• **Try it**
The answer should be each line from the entries below that has the word "frame" in it.

• **Available data**
• • • •

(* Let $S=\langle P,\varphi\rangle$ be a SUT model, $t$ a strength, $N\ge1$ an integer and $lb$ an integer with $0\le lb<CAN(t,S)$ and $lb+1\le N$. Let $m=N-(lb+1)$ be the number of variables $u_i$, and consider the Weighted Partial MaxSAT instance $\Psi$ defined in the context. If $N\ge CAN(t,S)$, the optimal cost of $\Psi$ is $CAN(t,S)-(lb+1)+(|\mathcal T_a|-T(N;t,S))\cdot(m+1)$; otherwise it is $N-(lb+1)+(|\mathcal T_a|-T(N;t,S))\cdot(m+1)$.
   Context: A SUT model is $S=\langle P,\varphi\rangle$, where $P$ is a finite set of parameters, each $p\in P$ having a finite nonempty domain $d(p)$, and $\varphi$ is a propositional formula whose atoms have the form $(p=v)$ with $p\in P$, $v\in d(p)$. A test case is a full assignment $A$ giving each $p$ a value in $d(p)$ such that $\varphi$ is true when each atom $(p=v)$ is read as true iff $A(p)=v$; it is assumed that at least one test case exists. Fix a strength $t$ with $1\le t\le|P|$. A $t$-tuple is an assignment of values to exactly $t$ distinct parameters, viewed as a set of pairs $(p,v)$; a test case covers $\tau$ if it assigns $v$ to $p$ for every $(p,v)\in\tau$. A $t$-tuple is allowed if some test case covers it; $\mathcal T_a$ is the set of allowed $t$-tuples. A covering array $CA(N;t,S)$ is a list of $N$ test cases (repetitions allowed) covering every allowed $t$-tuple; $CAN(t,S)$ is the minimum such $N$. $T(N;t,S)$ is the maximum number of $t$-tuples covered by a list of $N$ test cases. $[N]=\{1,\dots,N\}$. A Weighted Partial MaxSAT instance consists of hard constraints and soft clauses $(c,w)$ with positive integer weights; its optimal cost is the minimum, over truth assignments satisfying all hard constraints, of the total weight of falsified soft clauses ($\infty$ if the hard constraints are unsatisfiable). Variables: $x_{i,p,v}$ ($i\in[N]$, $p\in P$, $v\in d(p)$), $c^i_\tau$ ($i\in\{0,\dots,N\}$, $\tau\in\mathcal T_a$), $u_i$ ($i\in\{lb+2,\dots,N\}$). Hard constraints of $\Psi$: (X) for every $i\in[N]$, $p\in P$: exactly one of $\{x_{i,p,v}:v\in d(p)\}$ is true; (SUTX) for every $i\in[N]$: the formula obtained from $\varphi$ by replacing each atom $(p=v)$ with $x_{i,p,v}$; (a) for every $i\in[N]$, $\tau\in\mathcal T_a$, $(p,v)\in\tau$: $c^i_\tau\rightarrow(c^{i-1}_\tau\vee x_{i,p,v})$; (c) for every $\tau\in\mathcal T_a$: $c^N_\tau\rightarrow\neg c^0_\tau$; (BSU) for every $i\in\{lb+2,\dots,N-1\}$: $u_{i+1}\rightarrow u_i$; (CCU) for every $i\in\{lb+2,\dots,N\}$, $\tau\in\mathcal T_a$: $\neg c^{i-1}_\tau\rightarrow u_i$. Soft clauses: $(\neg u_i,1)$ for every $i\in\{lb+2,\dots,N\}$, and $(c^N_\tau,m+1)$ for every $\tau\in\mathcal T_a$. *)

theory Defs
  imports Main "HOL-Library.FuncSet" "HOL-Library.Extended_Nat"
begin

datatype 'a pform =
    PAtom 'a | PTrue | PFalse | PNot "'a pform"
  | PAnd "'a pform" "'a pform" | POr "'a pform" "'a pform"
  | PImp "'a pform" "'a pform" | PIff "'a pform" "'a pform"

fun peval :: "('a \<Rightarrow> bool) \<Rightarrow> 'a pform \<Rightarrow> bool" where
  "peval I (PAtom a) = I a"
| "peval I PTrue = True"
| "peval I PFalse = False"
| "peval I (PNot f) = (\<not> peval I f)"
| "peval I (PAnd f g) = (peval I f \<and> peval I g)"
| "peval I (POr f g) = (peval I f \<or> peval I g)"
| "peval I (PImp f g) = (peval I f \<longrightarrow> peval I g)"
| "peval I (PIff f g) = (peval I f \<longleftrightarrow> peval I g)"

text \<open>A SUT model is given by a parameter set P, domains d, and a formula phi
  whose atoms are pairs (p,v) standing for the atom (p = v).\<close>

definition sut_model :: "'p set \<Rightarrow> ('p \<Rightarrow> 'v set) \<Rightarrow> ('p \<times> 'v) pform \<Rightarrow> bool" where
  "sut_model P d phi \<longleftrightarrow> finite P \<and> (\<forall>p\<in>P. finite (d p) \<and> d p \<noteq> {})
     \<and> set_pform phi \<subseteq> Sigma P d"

• • • •

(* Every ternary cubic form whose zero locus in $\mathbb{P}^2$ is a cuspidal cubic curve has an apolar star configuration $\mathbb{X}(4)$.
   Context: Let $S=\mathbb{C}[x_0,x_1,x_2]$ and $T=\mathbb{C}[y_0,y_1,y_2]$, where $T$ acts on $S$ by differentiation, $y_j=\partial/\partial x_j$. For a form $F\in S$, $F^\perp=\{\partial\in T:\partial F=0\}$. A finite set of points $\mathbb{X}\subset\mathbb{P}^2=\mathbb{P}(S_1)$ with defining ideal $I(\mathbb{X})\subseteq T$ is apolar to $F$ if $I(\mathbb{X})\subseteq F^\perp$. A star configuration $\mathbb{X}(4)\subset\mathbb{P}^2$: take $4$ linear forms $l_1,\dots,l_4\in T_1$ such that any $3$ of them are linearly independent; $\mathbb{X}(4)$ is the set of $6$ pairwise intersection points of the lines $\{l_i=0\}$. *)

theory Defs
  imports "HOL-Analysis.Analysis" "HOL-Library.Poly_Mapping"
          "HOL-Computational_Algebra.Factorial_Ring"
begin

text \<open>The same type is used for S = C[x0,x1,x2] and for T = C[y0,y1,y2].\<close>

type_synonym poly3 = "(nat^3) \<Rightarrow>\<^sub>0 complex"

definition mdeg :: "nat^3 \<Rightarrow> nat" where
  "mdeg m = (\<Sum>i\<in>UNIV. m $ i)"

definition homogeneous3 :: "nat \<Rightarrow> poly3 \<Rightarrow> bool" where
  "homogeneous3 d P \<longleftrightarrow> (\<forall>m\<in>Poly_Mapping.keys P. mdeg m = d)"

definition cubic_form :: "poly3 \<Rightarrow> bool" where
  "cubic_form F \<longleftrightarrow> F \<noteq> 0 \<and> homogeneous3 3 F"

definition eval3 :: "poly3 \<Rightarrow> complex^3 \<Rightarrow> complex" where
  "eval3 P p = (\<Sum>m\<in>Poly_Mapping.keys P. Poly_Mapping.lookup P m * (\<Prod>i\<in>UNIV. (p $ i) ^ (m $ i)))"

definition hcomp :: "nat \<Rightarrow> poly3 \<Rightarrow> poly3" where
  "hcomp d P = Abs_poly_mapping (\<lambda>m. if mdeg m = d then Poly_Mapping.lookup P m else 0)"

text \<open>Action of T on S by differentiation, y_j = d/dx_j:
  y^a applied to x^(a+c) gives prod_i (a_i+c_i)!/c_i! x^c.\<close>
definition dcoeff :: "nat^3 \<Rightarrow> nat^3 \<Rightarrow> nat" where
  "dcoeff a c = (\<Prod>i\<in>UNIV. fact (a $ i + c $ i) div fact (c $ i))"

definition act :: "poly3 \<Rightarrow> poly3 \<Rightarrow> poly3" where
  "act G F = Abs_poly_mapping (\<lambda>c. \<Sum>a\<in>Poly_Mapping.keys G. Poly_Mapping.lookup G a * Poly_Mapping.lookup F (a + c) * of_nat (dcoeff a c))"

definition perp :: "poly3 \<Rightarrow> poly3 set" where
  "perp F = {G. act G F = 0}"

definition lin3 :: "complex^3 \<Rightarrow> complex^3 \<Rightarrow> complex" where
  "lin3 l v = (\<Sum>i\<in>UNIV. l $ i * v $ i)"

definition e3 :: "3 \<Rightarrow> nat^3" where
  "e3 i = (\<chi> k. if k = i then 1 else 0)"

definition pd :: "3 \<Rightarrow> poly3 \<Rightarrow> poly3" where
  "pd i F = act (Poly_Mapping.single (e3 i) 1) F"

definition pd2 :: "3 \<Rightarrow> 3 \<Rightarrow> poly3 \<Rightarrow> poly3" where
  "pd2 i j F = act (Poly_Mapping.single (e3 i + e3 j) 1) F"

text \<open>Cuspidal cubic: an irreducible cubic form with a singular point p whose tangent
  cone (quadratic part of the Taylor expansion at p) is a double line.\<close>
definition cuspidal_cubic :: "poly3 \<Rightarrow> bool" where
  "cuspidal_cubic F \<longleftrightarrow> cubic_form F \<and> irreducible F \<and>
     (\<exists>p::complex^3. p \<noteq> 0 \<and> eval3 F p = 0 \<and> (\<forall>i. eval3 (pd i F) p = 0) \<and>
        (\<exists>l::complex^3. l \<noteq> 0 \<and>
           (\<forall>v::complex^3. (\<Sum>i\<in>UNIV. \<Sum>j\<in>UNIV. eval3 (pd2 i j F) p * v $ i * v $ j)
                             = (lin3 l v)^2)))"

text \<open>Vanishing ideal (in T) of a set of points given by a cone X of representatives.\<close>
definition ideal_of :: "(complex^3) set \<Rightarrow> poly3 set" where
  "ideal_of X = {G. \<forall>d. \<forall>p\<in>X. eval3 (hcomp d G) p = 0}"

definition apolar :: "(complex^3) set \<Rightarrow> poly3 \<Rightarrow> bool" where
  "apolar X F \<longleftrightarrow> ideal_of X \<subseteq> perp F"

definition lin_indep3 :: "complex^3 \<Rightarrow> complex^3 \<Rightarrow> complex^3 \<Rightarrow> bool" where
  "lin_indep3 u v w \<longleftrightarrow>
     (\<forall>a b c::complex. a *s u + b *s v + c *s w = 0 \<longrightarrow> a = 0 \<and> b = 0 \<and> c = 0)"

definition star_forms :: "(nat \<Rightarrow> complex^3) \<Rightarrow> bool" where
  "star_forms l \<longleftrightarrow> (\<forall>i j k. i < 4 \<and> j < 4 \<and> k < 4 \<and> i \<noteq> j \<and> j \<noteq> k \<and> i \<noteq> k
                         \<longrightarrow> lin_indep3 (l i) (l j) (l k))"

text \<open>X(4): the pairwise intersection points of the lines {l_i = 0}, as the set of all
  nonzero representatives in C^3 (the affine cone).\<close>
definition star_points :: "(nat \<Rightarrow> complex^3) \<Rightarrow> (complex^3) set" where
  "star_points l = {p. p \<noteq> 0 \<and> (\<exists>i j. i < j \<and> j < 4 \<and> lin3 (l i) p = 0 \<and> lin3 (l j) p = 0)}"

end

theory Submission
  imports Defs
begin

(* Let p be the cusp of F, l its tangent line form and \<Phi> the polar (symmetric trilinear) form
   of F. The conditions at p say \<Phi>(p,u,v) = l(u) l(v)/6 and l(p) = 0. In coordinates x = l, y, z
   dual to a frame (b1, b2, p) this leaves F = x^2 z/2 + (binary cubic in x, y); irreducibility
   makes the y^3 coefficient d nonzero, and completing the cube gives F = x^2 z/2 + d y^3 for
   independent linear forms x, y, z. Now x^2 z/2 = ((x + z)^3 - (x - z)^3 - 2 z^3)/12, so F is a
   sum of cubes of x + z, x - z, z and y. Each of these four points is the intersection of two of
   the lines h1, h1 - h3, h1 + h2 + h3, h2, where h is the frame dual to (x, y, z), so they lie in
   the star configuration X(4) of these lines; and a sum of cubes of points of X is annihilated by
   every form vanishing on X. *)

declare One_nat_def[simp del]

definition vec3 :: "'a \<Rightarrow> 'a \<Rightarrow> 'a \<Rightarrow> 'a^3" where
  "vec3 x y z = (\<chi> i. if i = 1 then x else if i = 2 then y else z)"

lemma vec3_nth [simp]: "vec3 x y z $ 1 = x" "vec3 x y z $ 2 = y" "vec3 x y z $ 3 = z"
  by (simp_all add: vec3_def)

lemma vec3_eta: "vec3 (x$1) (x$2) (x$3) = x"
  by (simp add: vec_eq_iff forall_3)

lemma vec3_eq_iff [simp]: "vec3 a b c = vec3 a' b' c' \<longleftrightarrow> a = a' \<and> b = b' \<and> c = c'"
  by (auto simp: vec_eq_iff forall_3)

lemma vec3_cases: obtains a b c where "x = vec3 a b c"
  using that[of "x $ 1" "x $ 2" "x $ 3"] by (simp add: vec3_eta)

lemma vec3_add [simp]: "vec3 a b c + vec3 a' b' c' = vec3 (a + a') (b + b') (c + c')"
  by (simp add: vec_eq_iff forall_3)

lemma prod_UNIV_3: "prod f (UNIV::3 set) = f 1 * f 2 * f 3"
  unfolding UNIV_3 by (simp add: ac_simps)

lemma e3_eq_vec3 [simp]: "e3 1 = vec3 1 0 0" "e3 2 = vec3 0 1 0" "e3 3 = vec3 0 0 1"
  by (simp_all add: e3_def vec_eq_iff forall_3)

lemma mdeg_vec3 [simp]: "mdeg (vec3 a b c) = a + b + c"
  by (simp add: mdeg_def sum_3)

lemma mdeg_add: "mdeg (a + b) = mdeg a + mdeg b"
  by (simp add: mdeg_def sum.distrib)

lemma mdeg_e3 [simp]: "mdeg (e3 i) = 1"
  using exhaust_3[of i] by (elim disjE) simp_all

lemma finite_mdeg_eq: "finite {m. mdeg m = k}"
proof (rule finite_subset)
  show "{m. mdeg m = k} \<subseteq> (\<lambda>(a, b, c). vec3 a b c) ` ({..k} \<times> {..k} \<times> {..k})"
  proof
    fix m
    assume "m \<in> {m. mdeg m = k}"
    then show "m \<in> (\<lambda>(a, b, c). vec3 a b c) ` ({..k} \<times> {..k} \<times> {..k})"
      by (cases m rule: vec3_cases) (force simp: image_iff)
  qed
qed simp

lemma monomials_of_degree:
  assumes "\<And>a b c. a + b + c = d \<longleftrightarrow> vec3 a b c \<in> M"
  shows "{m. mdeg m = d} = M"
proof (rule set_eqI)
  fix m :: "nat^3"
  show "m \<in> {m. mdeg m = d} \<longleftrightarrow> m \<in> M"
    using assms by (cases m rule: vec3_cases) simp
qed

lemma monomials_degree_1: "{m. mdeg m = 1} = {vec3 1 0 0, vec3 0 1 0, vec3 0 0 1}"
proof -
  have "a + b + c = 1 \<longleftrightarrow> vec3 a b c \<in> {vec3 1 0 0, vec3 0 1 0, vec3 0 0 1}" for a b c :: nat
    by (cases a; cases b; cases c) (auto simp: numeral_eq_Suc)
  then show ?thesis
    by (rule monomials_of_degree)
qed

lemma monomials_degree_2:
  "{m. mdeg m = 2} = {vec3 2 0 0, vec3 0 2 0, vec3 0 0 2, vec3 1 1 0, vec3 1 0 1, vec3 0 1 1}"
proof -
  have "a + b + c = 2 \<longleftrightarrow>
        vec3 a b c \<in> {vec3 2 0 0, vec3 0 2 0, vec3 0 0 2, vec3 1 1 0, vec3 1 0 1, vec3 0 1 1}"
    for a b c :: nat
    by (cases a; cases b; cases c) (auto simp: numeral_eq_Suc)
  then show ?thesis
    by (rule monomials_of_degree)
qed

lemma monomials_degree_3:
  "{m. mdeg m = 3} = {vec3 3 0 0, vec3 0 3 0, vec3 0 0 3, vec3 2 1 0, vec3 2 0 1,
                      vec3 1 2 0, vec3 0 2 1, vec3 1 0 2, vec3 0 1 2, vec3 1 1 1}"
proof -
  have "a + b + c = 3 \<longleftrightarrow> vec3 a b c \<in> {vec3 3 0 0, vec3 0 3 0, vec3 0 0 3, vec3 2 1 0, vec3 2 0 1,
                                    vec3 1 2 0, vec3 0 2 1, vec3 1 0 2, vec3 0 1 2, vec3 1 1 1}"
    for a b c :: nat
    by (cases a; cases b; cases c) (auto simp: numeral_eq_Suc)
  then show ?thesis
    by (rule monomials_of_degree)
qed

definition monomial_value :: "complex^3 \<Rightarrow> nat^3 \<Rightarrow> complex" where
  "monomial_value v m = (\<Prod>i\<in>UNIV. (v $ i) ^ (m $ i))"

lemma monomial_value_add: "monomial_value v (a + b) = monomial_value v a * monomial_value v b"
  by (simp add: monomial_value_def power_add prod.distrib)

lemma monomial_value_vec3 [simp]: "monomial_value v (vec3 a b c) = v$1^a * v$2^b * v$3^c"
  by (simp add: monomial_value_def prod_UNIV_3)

• • • •

• **Solution for this task**
   dual to a frame (b1, b2, p) this leaves F = x^2 z/2 + (binary cubic in x, y); irreducibility
   the lines h1, h1 - h3, h1 + h2 + h3, h2, where h is the frame dual to (x, y, z), so they lie in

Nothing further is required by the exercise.